> WORK REQUIRED: Could you please repeat all of the entries exactly as written?
(GIVEN INFORMATION)
definition Mplus :: "('i::finite \<Rightarrow> 'i \<Rightarrow> rat) \<Rightarrow> 'i set \<Rightarrow> ('i \<Rightarrow> rat) set" where
  "Mplus w F = {m. m \<noteq> (\<lambda>_. 0) \<and> (\<exists>c :: 'i \<Rightarrow> nat.
      m = (\<lambda>k. \<Sum>i\<in>UNIV - F. of_nat (c i) * omega1 w i k))}"

definition absM :: "('i::finite \<Rightarrow> 'i \<Rightarrow> rat) \<Rightarrow> 'i set \<Rightarrow> ('i \<Rightarrow> rat) \<Rightarrow> nat" where
  "absM w F m = (GREATEST k::nat. 0 < k \<and> (\<lambda>j. m j / of_nat k) \<in> Mplus w F)"

text \<open>k_t = k[t^{\<plusminus>1/D}] realised as Laurent polynomials in s = t^{1/D}:
 formal Laurent series with finitely many nonzero coefficients.\<close>
definition kt :: "'a::comm_ring_1 fls set" where
  "kt = {f. finite {n. fls_nth f n \<noteq> 0}}"

text \<open>t^x for x in (1/D)Z, i.e. s^(D x).\<close>
definition tpow :: "nat \<Rightarrow> rat \<Rightarrow> 'a::comm_ring_1 fls" where
  "tpow D x = fls_X_intpow \<lfloor>of_nat D * x\<rfloor>"

end

theory Submission
  imports Defs "HOL-Computational_Algebra.Polynomial_FPS"
begin

text \<open>
  Write a and b as non-negative integer combinations, with coefficient vectors c and c', of the
  vectors omega_1(e_i), i not in F. The compatibility of Lambda with omega lets one read the
  coefficients off a vector, so |a| = gcd c, |b| = gcd c' and |a + b| = gcd (c + c'); moreover
  Lambda(a, b) = d l with l = sum c_i c'_j omega(e_i, e_j), an integer divisible by |a| |b|.
  With x = t^(2d) one has t^(dn) - t^(-dn) = t^(-dn) (x^n - 1), so it suffices that
  (x^|a| - 1)(x^|b| - 1) divides (x^|a+b| - 1)(x^|l| - 1) in Z[x]. This follows from
  gcd(|a|, |b|) dividing |a + b|, lcm(|a|, |b|) dividing l, and the divisibility of
  (x^(gcd m n) - 1)(x^(lcm m n) - 1) by (x^m - 1)(x^n - 1). For coprime m, n the latter holds
  because the geometric sums 1 + ... + x^(m-1) and 1 + ... + x^(n-1) generate the unit ideal
  (run the Euclidean algorithm on the exponents) and both divide 1 + ... + x^(mn-1).
\<close>

lemma geometric_sum_add:
  fixes x :: "'a::comm_ring_1"
  shows "(\<Sum>i<m + n. x ^ i) = (\<Sum>i<m. x ^ i) + x ^ m * (\<Sum>i<n. x ^ i)"
  by (induction n) (simp_all add: algebra_simps power_add)

lemma geometric_sum_mult:
  fixes x :: "'a::comm_ring_1"
  shows "(\<Sum>i<k * n. x ^ i) = (\<Sum>i<n. x ^ i) * (\<Sum>j<k. x ^ (n * j))"
proof (induction k)
  case (Suc k)
  have "(\<Sum>i<Suc k * n. x ^ i) = (\<Sum>i<k * n. x ^ i) + x ^ (k * n) * (\<Sum>i<n. x ^ i)"
    by (metis geometric_sum_add add.commute mult_Suc)
  with Suc show ?case by (simp add: algebra_simps mult.commute)
qed simp

lemma geometric_sum_bezout:
  fixes x :: "'a::comm_ring_1"
  shows "\<exists>A B. A * (\<Sum>i<m. x ^ i) + B * (\<Sum>i<n. x ^ i) = (\<Sum>i<gcd m n. x ^ i)"
proof (induction m n rule: gcd_nat_induct)
  case (base m)
  show ?case by (rule exI[of _ 1], rule exI[of _ 0]) simp
next
  case (step m n)
  from step(2) obtain A B
    where AB: "A * (\<Sum>i<n. x ^ i) + B * (\<Sum>i<m mod n. x ^ i) = (\<Sum>i<gcd n (m mod n). x ^ i)"
    by blast
  define Q where "Q = (\<Sum>j<m div n. x ^ (n * j))"
  have m: "m = m mod n + m div n * n" by simp
  have "(\<Sum>i<m. x ^ i) = (\<Sum>i<m mod n. x ^ i) + x ^ (m mod n) * ((\<Sum>i<n. x ^ i) * Q)"
    unfolding Q_def by (subst m, subst geometric_sum_add, subst geometric_sum_mult) simp
  then have "B * (\<Sum>i<m. x ^ i) + (A - B * x ^ (m mod n) * Q) * (\<Sum>i<n. x ^ i) = (\<Sum>i<gcd m n. x ^ i)"
    using AB gcd_non_0_nat[of n m] step(1) by (simp add: algebra_simps)
  then show ?case by blast
qed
(End GIVEN INFORMATION)
> SOLUTION BELOW:
definition Mplus :: "('i::finite \<Rightarrow> 'i \<Rightarrow> rat) \<Rightarrow> 'i set \<Rightarrow> ('i \<Rightarrow> rat) set" where
  "Mplus w F = {m. m \<noteq> (\<lambda>_. 0) \<and> (\<exists>c :: 'i \<Rightarrow> nat.
      m = (\<lambda>k. \<Sum>i\<in>UNIV - F. of_nat (c i) * omega1 w i k))}"

definition absM :: "('i::finite \<Rightarrow> 'i \<Rightarrow> rat) \<Rightarrow> 'i set \<Rightarrow> ('i \<Rightarrow> rat) \<Rightarrow> nat" where
  "absM w F m = (GREATEST k::nat. 0 < k \<and> (\<lambda>j. m j / of_nat k) \<in> Mplus w F)"

text \<open>k_t = k[t^{\<plusminus>1/D}] realised as Laurent polynomials in s = t^{1/D}:
 formal Laurent series with finitely many nonzero coefficients.\<close>
definition kt :: "'a::comm_ring_1 fls set" where
  "kt = {f. finite {n. fls_nth f n \<noteq> 0}}"

text \<open>t^x for x in (1/D)Z, i.e. s^(D x).\<close>
definition tpow :: "nat \<Rightarrow> rat \<Rightarrow> 'a::comm_ring_1 fls" where
  "tpow D x = fls_X_intpow \<lfloor>of_nat D * x\<rfloor>"

end

theory Submission
  imports Defs "HOL-Computational_Algebra.Polynomial_FPS"
begin

text \<open>
  Write a and b as non-negative integer combinations, with coefficient vectors c and c', of the
  vectors omega_1(e_i), i not in F. The compatibility of Lambda with omega lets one read the
  coefficients off a vector, so |a| = gcd c, |b| = gcd c' and |a + b| = gcd (c + c'); moreover
  Lambda(a, b) = d l with l = sum c_i c'_j omega(e_i, e_j), an integer divisible by |a| |b|.
  With x = t^(2d) one has t^(dn) - t^(-dn) = t^(-dn) (x^n - 1), so it suffices that
  (x^|a| - 1)(x^|b| - 1) divides (x^|a+b| - 1)(x^|l| - 1) in Z[x]. This follows from
  gcd(|a|, |b|) dividing |a + b|, lcm(|a|, |b|) dividing l, and the divisibility of
  (x^(gcd m n) - 1)(x^(lcm m n) - 1) by (x^m - 1)(x^n - 1). For coprime m, n the latter holds
  because the geometric sums 1 + ... + x^(m-1) and 1 + ... + x^(n-1) generate the unit ideal
  (run the Euclidean algorithm on the exponents) and both divide 1 + ... + x^(mn-1).
\<close>

lemma geometric_sum_add:
  fixes x :: "'a::comm_ring_1"
  shows "(\<Sum>i<m + n. x ^ i) = (\<Sum>i<m. x ^ i) + x ^ m * (\<Sum>i<n. x ^ i)"
  by (induction n) (simp_all add: algebra_simps power_add)

lemma geometric_sum_mult:
  fixes x :: "'a::comm_ring_1"
  shows "(\<Sum>i<k * n. x ^ i) = (\<Sum>i<n. x ^ i) * (\<Sum>j<k. x ^ (n * j))"
proof (induction k)
  case (Suc k)
  have "(\<Sum>i<Suc k * n. x ^ i) = (\<Sum>i<k * n. x ^ i) + x ^ (k * n) * (\<Sum>i<n. x ^ i)"
    by (metis geometric_sum_add add.commute mult_Suc)
  with Suc show ?case by (simp add: algebra_simps mult.commute)
qed simp

lemma geometric_sum_bezout:
  fixes x :: "'a::comm_ring_1"
  shows "\<exists>A B. A * (\<Sum>i<m. x ^ i) + B * (\<Sum>i<n. x ^ i) = (\<Sum>i<gcd m n. x ^ i)"
proof (induction m n rule: gcd_nat_induct)
  case (base m)
  show ?case by (rule exI[of _ 1], rule exI[of _ 0]) simp
next
  case (step m n)
  from step(2) obtain A B
    where AB: "A * (\<Sum>i<n. x ^ i) + B * (\<Sum>i<m mod n. x ^ i) = (\<Sum>i<gcd n (m mod n). x ^ i)"
    by blast
  define Q where "Q = (\<Sum>j<m div n. x ^ (n * j))"
  have m: "m = m mod n + m div n * n" by simp
  have "(\<Sum>i<m. x ^ i) = (\<Sum>i<m mod n. x ^ i) + x ^ (m mod n) * ((\<Sum>i<n. x ^ i) * Q)"
    unfolding Q_def by (subst m, subst geometric_sum_add, subst geometric_sum_mult) simp
  then have "B * (\<Sum>i<m. x ^ i) + (A - B * x ^ (m mod n) * Q) * (\<Sum>i<n. x ^ i) = (\<Sum>i<gcd m n. x ^ i)"
    using AB gcd_non_0_nat[of n m] step(1) by (simp add: algebra_simps)
  then show ?case by blast
qed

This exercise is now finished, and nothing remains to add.